Give the Python interpreter's response to each of the following from a continuous interpreter session:

  >>> d = {'apples': 15, 'bananas': 35, 'grapes': 12} 
  >>> d['banana']

  >>> d['oranges'] = 20
  >>> len(d)

```
  >>> d.has_key('grapes')
  
```
```
  >>> d['pears']
  
```
```
  >>> d.get('pears', 0)
  
```

  >>> fruits = d.keys()
  >>> fruits.sort()
  >>> print fruits

  >>> del d['apples']
  >>> d.has_key('apples')

Be sure you understand why you get each result. Then apply what you have learned to fill in the body of the function below:

def add_fruit(inventory, fruit, quantity=0):
    """
    Adds quantity of fruit to inventory. 

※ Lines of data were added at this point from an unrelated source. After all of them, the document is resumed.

(* Assume $Q$ has no oriented cycle. For each $i\in Q_0$ the real $(1,1)$-form $\mathbf i\,\partial\bar\partial\log\det(\rho_i\rho_i^* )$ on $R^s_{\vec n,\vec d}$ is $\mathrm{GL}_{\vec d}$-invariant and positive semidefinite, and the sum $\Omega=\mathbf i\sum_{i\in Q_0}\partial\bar\partial\log\det(\rho_i\rho_i^* )$ descends to a Kähler form on $\mathcal M_{\vec n,\vec d}$ (i.e. it is the pullback of a closed, positive definite real $(1,1)$-form on $\mathcal M_{\vec n,\vec d}$). Equivalently, the Ricci (first Chern) curvature form of the Hermitian metric on $\bigotimes_{i\in Q_0}\mathcal V_i$ (through $\bigotimes_i\det\mathcal V_i$) induced by the metrics $H_i=(\rho_i\rho_i^* )^{-1}$ defines a Kähler metric on $\mathcal M_{\vec n,\vec d}$.
   Context: Let $Q$ be a finite quiver with vertex set $Q_0$, arrow set $Q_1$, and head/tail maps $h,t:Q_1\to Q_0$. Fix $\vec d,\vec n\in\mathbb Z_{\ge0}^{Q_0}$. Let $R_{\vec n,\vec d}=\bigoplus_{a\in Q_1}\mathrm{Hom}(\mathbb C^{d_{t(a)}},\mathbb C^{d_{h(a)}})\oplus\bigoplus_{i\in Q_0}\mathrm{Hom}(\mathbb C^{n_i},\mathbb C^{d_i})$, points $(V,e)=((V_a)_a,(e^{(i)})_i)$, with the action of $\mathrm{GL}_{\vec d}=\prod_i\mathrm{GL}(d_i,\mathbb C)$ given by $g\cdot(V,e)=((g_{h(a)}V_ag_{t(a)}^{-1})_a,(g_ie^{(i)})_i)$. $(V,e)$ is stable if there is no collection of subspaces $U_i\subseteq\mathbb C^{d_i}$, not all equal to $\mathbb C^{d_i}$, with $V_a(U_{t(a)})\subseteq U_{h(a)}$ and $\mathrm{Im}\,e^{(i)}\subseteq U_i$; $R^s_{\vec n,\vec d}$ is the stable locus, $\mathcal M_{\vec n,\vec d}=R^s_{\vec n,\vec d}/\mathrm{GL}_{\vec d}$ the (smooth) framed quiver moduli and $\mathcal V_i=(R^s_{\vec n,\vec d}\times\mathbb C^{d_i})/\mathrm{GL}_{\vec d}$ the universal bundles. For a path $\gamma=a_k\cdots a_1$, $V_\gamma=V_{a_k}\cdots V_{a_1}$, $h(\gamma)=h(a_k)$, $t(\gamma)=t(a_1)$ (trivial path at $i$: $V_\gamma=I_{d_i}$). $\rho_i$ is the block row matrix with blocks $V_\gamma e^{(t(\gamma))}$ over all paths with $h(\gamma)=i$; its entries are polynomial (holomorphic) functions on $R_{\vec n,\vec d}$, and $\rho_i\rho_i^*$ is invertible on $R^s_{\vec n,\vec d}$; $H_i=(\rho_i\rho_i^* )^{-1}$ descends to a Hermitian metric on $\mathcal V_i$. *)

theory Defs
  imports "HOL-Analysis.Analysis" "Jordan_Normal_Form.Determinant"
begin

text \<open>A framed quiver representation point (V, e): V a is a d(h a) x d(t a) matrix,
 e i is a d i x n i matrix. Points of R are pairs of such families.\<close>

type_synonym ('v,'e) qpoint = "('e \<Rightarrow> complex mat) \<times> ('v \<Rightarrow> complex mat)"

definition wf_point :: "'v set \<Rightarrow> 'e set \<Rightarrow> ('e \<Rightarrow> 'v) \<Rightarrow> ('e \<Rightarrow> 'v)
   \<Rightarrow> ('v \<Rightarrow> nat) \<Rightarrow> ('v \<Rightarrow> nat) \<Rightarrow> ('v,'e) qpoint \<Rightarrow> bool" where
  "wf_point Q0 Q1 h t n d x \<longleftrightarrow>
     (\<forall>a\<in>Q1. fst x a \<in> carrier_mat (d (h a)) (d (t a))) \<and>
     (\<forall>i\<in>Q0. snd x i \<in> carrier_mat (d i) (n i))"

text \<open>Paths: a start vertex j and a list of arrows [a1,...,ak] (a1 first).\<close>
fun is_path :: "('e \<Rightarrow> 'v) \<Rightarrow> ('e \<Rightarrow> 'v) \<Rightarrow> 'v \<Rightarrow> 'e list \<Rightarrow> bool" where
  "is_path h t j [] = True"
| "is_path h t j (a # as) = (t a = j \<and> is_path h t (h a) as)"

fun path_end :: "('e \<Rightarrow> 'v) \<Rightarrow> 'v \<Rightarrow> 'e list \<Rightarrow> 'v" where
  "path_end h j [] = j"
| "path_end h j (a # as) = path_end h (h a) as"

text \<open>V_gamma = V_ak * ... * V_a1 (identity for the trivial path at j).\<close>
fun path_mat :: "('e \<Rightarrow> 'v) \<Rightarrow> ('v \<Rightarrow> nat) \<Rightarrow> ('e \<Rightarrow> complex mat) \<Rightarrow> 'v \<Rightarrow> 'e list \<Rightarrow> complex mat" where
  "path_mat h d V j [] = 1\<^sub>m (d j)"
| "path_mat h d V j (a # as) = path_mat h d V (h a) as * V a"

definition no_oriented_cycle :: "'v set \<Rightarrow> 'e set \<Rightarrow> ('e \<Rightarrow> 'v) \<Rightarrow> ('e \<Rightarrow> 'v) \<Rightarrow> bool" where
  "no_oriented_cycle Q0 Q1 h t \<longleftrightarrow>
     \<not> (\<exists>j as. j \<in> Q0 \<and> as \<noteq> [] \<and> set as \<subseteq> Q1 \<and> is_path h t j as \<and> path_end h j as = j)"

definition paths_to :: "'v set \<Rightarrow> 'e set \<Rightarrow> ('e \<Rightarrow> 'v) \<Rightarrow> ('e \<Rightarrow> 'v) \<Rightarrow> 'v \<Rightarrow> ('v \<times> 'e list) set" where
  "paths_to Q0 Q1 h t i = {(j, as). j \<in> Q0 \<and> set as \<subseteq> Q1 \<and> is_path h t j as \<and> path_end h j as = i}"

text \<open>rho_i rho_i^* = sum over paths gamma with head i of B_gamma B_gamma^*, B_gamma = V_gamma e^(t gamma).\<close>
definition rhorho :: "'v set \<Rightarrow> 'e set \<Rightarrow> ('e \<Rightarrow> 'v) \<Rightarrow> ('e \<Rightarrow> 'v) \<Rightarrow> ('v \<Rightarrow> nat) \<Rightarrow> ('v \<Rightarrow> nat)
    \<Rightarrow> 'v \<Rightarrow> ('v,'e) qpoint \<Rightarrow> complex mat" where
  "rhorho Q0 Q1 h t n d i x = mat (d i) (d i) (\<lambda>(r, c).
     \<Sum>(j, as) \<in> paths_to Q0 Q1 h t i.
        let B = path_mat h d (fst x) j as * snd x j in
        \<Sum>k < n j. B $$ (r, k) * cnj (B $$ (c, k)))"

text \<open>log det (rho_i rho_i^*)  (the determinant is real and positive on the stable locus).\<close>
definition logdet :: "'v set \<Rightarrow> 'e set \<Rightarrow> ('e \<Rightarrow> 'v) \<Rightarrow> ('e \<Rightarrow> 'v) \<Rightarrow> ('v \<Rightarrow> nat) \<Rightarrow> ('v \<Rightarrow> nat)
    \<Rightarrow> 'v \<Rightarrow> ('v,'e) qpoint \<Rightarrow> real" where
  "logdet Q0 Q1 h t n d i x = ln (Re (det (rhorho Q0 Q1 h t n d i x)))"

definition subspace_vec :: "nat \<Rightarrow> complex vec set \<Rightarrow> bool" where
  "subspace_vec m U \<longleftrightarrow> U \<subseteq> carrier_vec m \<and> 0\<^sub>v m \<in> U \<and>
     (\<forall>u\<in>U. \<forall>w\<in>U. u + w \<in> U) \<and> (\<forall>c. \<forall>u\<in>U. c \<cdot>\<^sub>v u \<in> U)"

definition stable :: "'v set \<Rightarrow> 'e set \<Rightarrow> ('e \<Rightarrow> 'v) \<Rightarrow> ('e \<Rightarrow> 'v) \<Rightarrow> ('v \<Rightarrow> nat) \<Rightarrow> ('v \<Rightarrow> nat)
    \<Rightarrow> ('v,'e) qpoint \<Rightarrow> bool" where
  "stable Q0 Q1 h t n d x \<longleftrightarrow> wf_point Q0 Q1 h t n d x \<and>
     \<not> (\<exists>U :: 'v \<Rightarrow> complex vec set.
          (\<forall>i\<in>Q0. subspace_vec (d i) (U i)) \<and>
          (\<exists>i\<in>Q0. U i \<noteq> carrier_vec (d i)) \<and>
          (\<forall>a\<in>Q1. \<forall>u\<in>U (t a). fst x a *\<^sub>v u \<in> U (h a)) \<and>
          (\<forall>i\<in>Q0. \<forall>w\<in>carrier_vec (n i). snd x i *\<^sub>v w \<in> U i))"

text \<open>GL_d elements, given together with their inverses k (g i * k i = k i * g i = 1).\<close>
definition is_GL :: "'v set \<Rightarrow> ('v \<Rightarrow> nat) \<Rightarrow> ('v \<Rightarrow> complex mat) \<Rightarrow> ('v \<Rightarrow> complex mat) \<Rightarrow> bool" where
  "is_GL Q0 d g k \<longleftrightarrow> (\<forall>i\<in>Q0. g i \<in> carrier_mat (d i) (d i) \<and> k i \<in> carrier_mat (d i) (d i) \<and>
      g i * k i = 1\<^sub>m (d i) \<and> k i * g i = 1\<^sub>m (d i))"

definition gl_act :: "('e \<Rightarrow> 'v) \<Rightarrow> ('e \<Rightarrow> 'v) \<Rightarrow> ('v \<Rightarrow> complex mat) \<Rightarrow> ('v \<Rightarrow> complex mat)
    \<Rightarrow> ('v,'e) qpoint \<Rightarrow> ('v,'e) qpoint" where
  "gl_act h t g k x = ((\<lambda>a. g (h a) * fst x a * k (t a)), (\<lambda>i. g i * snd x i))"

definition padd :: "('v,'e) qpoint \<Rightarrow> complex \<Rightarrow> ('v,'e) qpoint \<Rightarrow> ('v,'e) qpoint" where
  "padd x c v = ((\<lambda>a. fst x a + c \<cdot>\<^sub>m fst v a), (\<lambda>i. snd x i + c \<cdot>\<^sub>m snd v i))"

text \<open>Levi form (value of the real (1,1)-form i ddbar F on the Hermitian square of the tangent
 vector v at x, up to the positive constant normalisation):
 d^2/dz dzbar of F(x + z v) at z = 0, i.e. one quarter of the Laplacian in z = s + i u.\<close>
definition levi :: "(('v,'e) qpoint \<Rightarrow> real) \<Rightarrow> ('v,'e) qpoint \<Rightarrow> ('v,'e) qpoint \<Rightarrow> real" where
  "levi F x v = (deriv (deriv (\<lambda>s::real. F (padd x (complex_of_real s) v))) 0
               + deriv (deriv (\<lambda>s::real. F (padd x (\<i> * complex_of_real s) v))) 0) / 4"

text \<open>Tangent space of the GL_d-orbit at x: infinitesimal action of xi in gl_d.\<close>
definition in_orbit_tangent :: "'v set \<Rightarrow> 'e set \<Rightarrow> ('e \<Rightarrow> 'v) \<Rightarrow> ('e \<Rightarrow> 'v) \<Rightarrow> ('v \<Rightarrow> nat)
    \<Rightarrow> ('v,'e) qpoint \<Rightarrow> ('v,'e) qpoint \<Rightarrow> bool" where
  "in_orbit_tangent Q0 Q1 h t d x v \<longleftrightarrow> (\<exists>xi :: 'v \<Rightarrow> complex mat.
       (\<forall>i\<in>Q0. xi i \<in> carrier_mat (d i) (d i)) \<and>
       (\<forall>a\<in>Q1. fst v a = xi (h a) * fst x a - fst x a * xi (t a)) \<and>
       (\<forall>i\<in>Q0. snd v i = xi i * snd x i))"

end

theory Submission
  imports Defs "HOL-Complex_Analysis.Complex_Analysis"
begin

text \<open>By Cauchy--Binet, \<open>det (\<rho>\<^sub>i \<rho>\<^sub>i\<^sup>*)\<close> is a positive multiple of \<open>\<Sum>\<^sub>f \<bar>M\<^sub>f\<bar>\<^sup>2\<close>, the sum
  over the maximal minors \<open>M\<^sub>f\<close> of \<open>\<rho>\<^sub>i\<close>, which depend holomorphically on the point (acyclicity
  makes \<open>\<rho>\<^sub>i\<close> a finite matrix). Along a complex line the Levi form of \<open>log \<Sum>\<^sub>f \<bar>M\<^sub>f\<bar>\<^sup>2\<close> is
  the Cauchy--Schwarz defect of the vectors \<open>(M\<^sub>f')\<close> and \<open>(M\<^sub>f)\<close> divided by
  \<open>(\<Sum>\<^sub>f \<bar>M\<^sub>f\<bar>\<^sup>2)\<^sup>2\<close>. It is therefore nonnegative, and it is invariant under \<open>g \<in> GL\<^sub>d\<close>,
  which multiplies every \<open>M\<^sub>f\<close> by \<open>det g\<^sub>i\<close>.

  Stability makes the rows of every \<open>\<rho>\<^sub>j\<close> linearly independent, so some \<open>M\<^sub>f\<close> is nonzero.
  The defect then vanishes iff \<open>M\<^sub>f' = \<lambda> M\<^sub>f\<close> for all \<open>f\<close>, which by Cramer's rule happens iff
  \<open>\<rho>\<^sub>i' = \<xi>\<^sub>i \<rho>\<^sub>i\<close> for a matrix \<open>\<xi>\<^sub>i\<close>. Propagating \<open>\<rho>' = \<xi> \<rho>\<close> along the arrows, again using
  the independence of the rows, shows that it holds at all vertices exactly when the tangent
  vector is \<open>(\<xi> V - V \<xi>, \<xi> e)\<close>, i.e. tangent to the orbit.\<close>

section \<open>Second derivatives and the Levi form at a point\<close>

definition has_second_deriv_0 :: "(real \<Rightarrow> real) \<Rightarrow> real \<Rightarrow> bool" where
  "has_second_deriv_0 f w \<longleftrightarrow> (\<exists>g. (\<forall>\<^sub>F s in nhds 0. (f has_real_derivative g s) (at s))
      \<and> (g has_real_derivative w) (at 0))"

lemma has_second_deriv_0_imp_deriv:
  assumes "has_second_deriv_0 f w"
  shows "deriv (deriv f) 0 = w"
proof -
  obtain g where ev: "\<forall>\<^sub>F s in nhds 0. (f has_real_derivative g s) (at s)"
    and gw: "(g has_real_derivative w) (at 0)"
    using assms unfolding has_second_deriv_0_def by blast
  have "\<forall>\<^sub>F s in nhds 0. deriv f s = g s"
    using ev by (rule eventually_mono) (rule DERIV_imp_deriv)
  then have "(deriv f has_real_derivative w) (at 0)"
    using DERIV_cong_ev[of 0 0 "deriv f" g w w] gw by simp
  then show ?thesis by (rule DERIV_imp_deriv)
qed

lemma has_second_deriv_0_sum:
  assumes "finite I" "\<forall>i\<in>I. has_second_deriv_0 (f i) (w i)"
  shows "has_second_deriv_0 (\<lambda>s. \<Sum>i\<in>I. f i s) (\<Sum>i\<in>I. w i)"
proof -
  obtain g where g: "\<forall>i\<in>I. (\<forall>\<^sub>F s in nhds 0. (f i has_real_derivative g i s) (at s))
      \<and> (g i has_real_derivative w i) (at 0)"
    using bchoice[OF assms(2)[unfolded has_second_deriv_0_def]] by blast
  have "\<forall>\<^sub>F s in nhds 0. \<forall>i\<in>I. (f i has_real_derivative g i s) (at s)"
    using g assms(1) by (simp add: eventually_ball_finite)
  then have "\<forall>\<^sub>F s in nhds 0. ((\<lambda>s. \<Sum>i\<in>I. f i s) has_real_derivative (\<Sum>i\<in>I. g i s)) (at s)"
    by (rule eventually_mono) (auto intro: DERIV_sum)
  moreover have "((\<lambda>s. \<Sum>i\<in>I. g i s) has_real_derivative (\<Sum>i\<in>I. w i)) (at 0)"
    using g by (auto intro: DERIV_sum)
  ultimately show ?thesis
    unfolding has_second_deriv_0_def by (intro exI[of _ "\<lambda>s. \<Sum>i\<in>I. g i s"]) auto
qed

lemma has_real_derivative_Re_of_real:
  assumes "(\<Psi> has_field_derivative D) (at (of_real s))"
  shows "((\<lambda>s. Re (\<Psi> (of_real s))) has_real_derivative Re D) (at s)"
proof -
  have "((\<lambda>x. \<Psi> (of_real x)) has_vector_derivative D) (at s)"
    by (rule has_vector_derivative_real_field[OF assms])
  then show ?thesis unfolding has_vector_derivative_complex_iff by simp
qed

lemma has_second_deriv_0_ln_Re:
  assumes d1: "\<And>z. (\<Phi> has_field_derivative \<Phi>1 z) (at z)"
    and d2: "\<And>z. (\<Phi>1 has_field_derivative \<Phi>2 z) (at z)"
    and pos: "Re (\<Phi> 0) > 0"
  shows "has_second_deriv_0 (\<lambda>s. ln (Re (\<Phi> (of_real s))))
     ((Re (\<Phi>2 0) * Re (\<Phi> 0) - Re (\<Phi>1 0) * Re (\<Phi>1 0)) / (Re (\<Phi> 0) * Re (\<Phi> 0)))"
proof -
  define p where "p s = Re (\<Phi> (of_real s))" for s :: real
  define q where "q s = Re (\<Phi>1 (of_real s))" for s :: real
  have dp: "(p has_real_derivative q s) (at s)" for s
    unfolding p_def q_def by (rule has_real_derivative_Re_of_real[OF d1])
  have dq: "(q has_real_derivative Re (\<Phi>2 (of_real s))) (at s)" for s
    unfolding q_def by (rule has_real_derivative_Re_of_real[OF d2])
  have "isCont p 0" using dp by (rule DERIV_isCont)
  then have "(p \<longlongrightarrow> p 0) (nhds 0)" by (simp add: isCont_def tendsto_at_iff_tendsto_nhds)
  moreover have "p 0 > 0" using pos by (simp add: p_def)
  ultimately have "\<forall>\<^sub>F s in nhds 0. p s > 0" by (rule order_tendstoD(1))
  then have "\<forall>\<^sub>F s in nhds 0. ((\<lambda>s. ln (p s)) has_real_derivative q s / p s) (at s)"
    by (rule eventually_mono) (use DERIV_chain2[OF DERIV_ln_divide dp] in simp)
  moreover have "((\<lambda>s. q s / p s) has_real_derivative
      (Re (\<Phi>2 0) * p 0 - q 0 * q 0) / (p 0 * p 0)) (at 0)"
    using DERIV_divide[OF dq[of 0] dp[of 0]] \<open>p 0 > 0\<close> by simp
  ultimately show ?thesis unfolding has_second_deriv_0_def p_def q_def by auto
qed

      >>> new_inventory = {}
      >>> add_fruit(new_inventory, 'strawberries', 10)
      >>> new_inventory.has_key('strawberries')
      True
      >>> new_inventory['strawberries']
      10
      >>> add_fruit(new_inventory, 'strawberries', 25)
      >>> new_inventory['strawberries']       
    """

Your solution should pass the doctests.

Write a program called alice_words.py that creates a text file named alice_words.txt containing an alphabetical listing of all the words found in alice_in_wonderland.txt together with the number of times each word occurs. The first 10 lines of your output file should look something like this:
```
Word              Count
=======================
a                 631
a-piece           1
abide             1
able              1
about             94
above             3
absence           1
absurd            2
```
How many times does the word, alice, occur in the book?
What is the longest word in Alice in Wonderland? How many charactes does it have?
Copy the code from the Setting up the world, the player, and the main loop section into a file named robots.py and run it. You should be able to move the player around the screen using the numeric keypad and to quit the program by pressing the escape key.
Laptops usually have smaller keyboards than desktop computers that do not include a seperate numeric keypad. Modify the robots program so that it uses 'a', 'q', 'w', 'e', 'd', 'c', 'x', and 'z' instead of '4', '7', '8', '9', '6', '3', '2', and '1' so that it will work on a typical laptop keyboard.
Add all the necessary code from the Adding a robot section in the places indicated. Make sure the program works and that you now have a robot following around your player.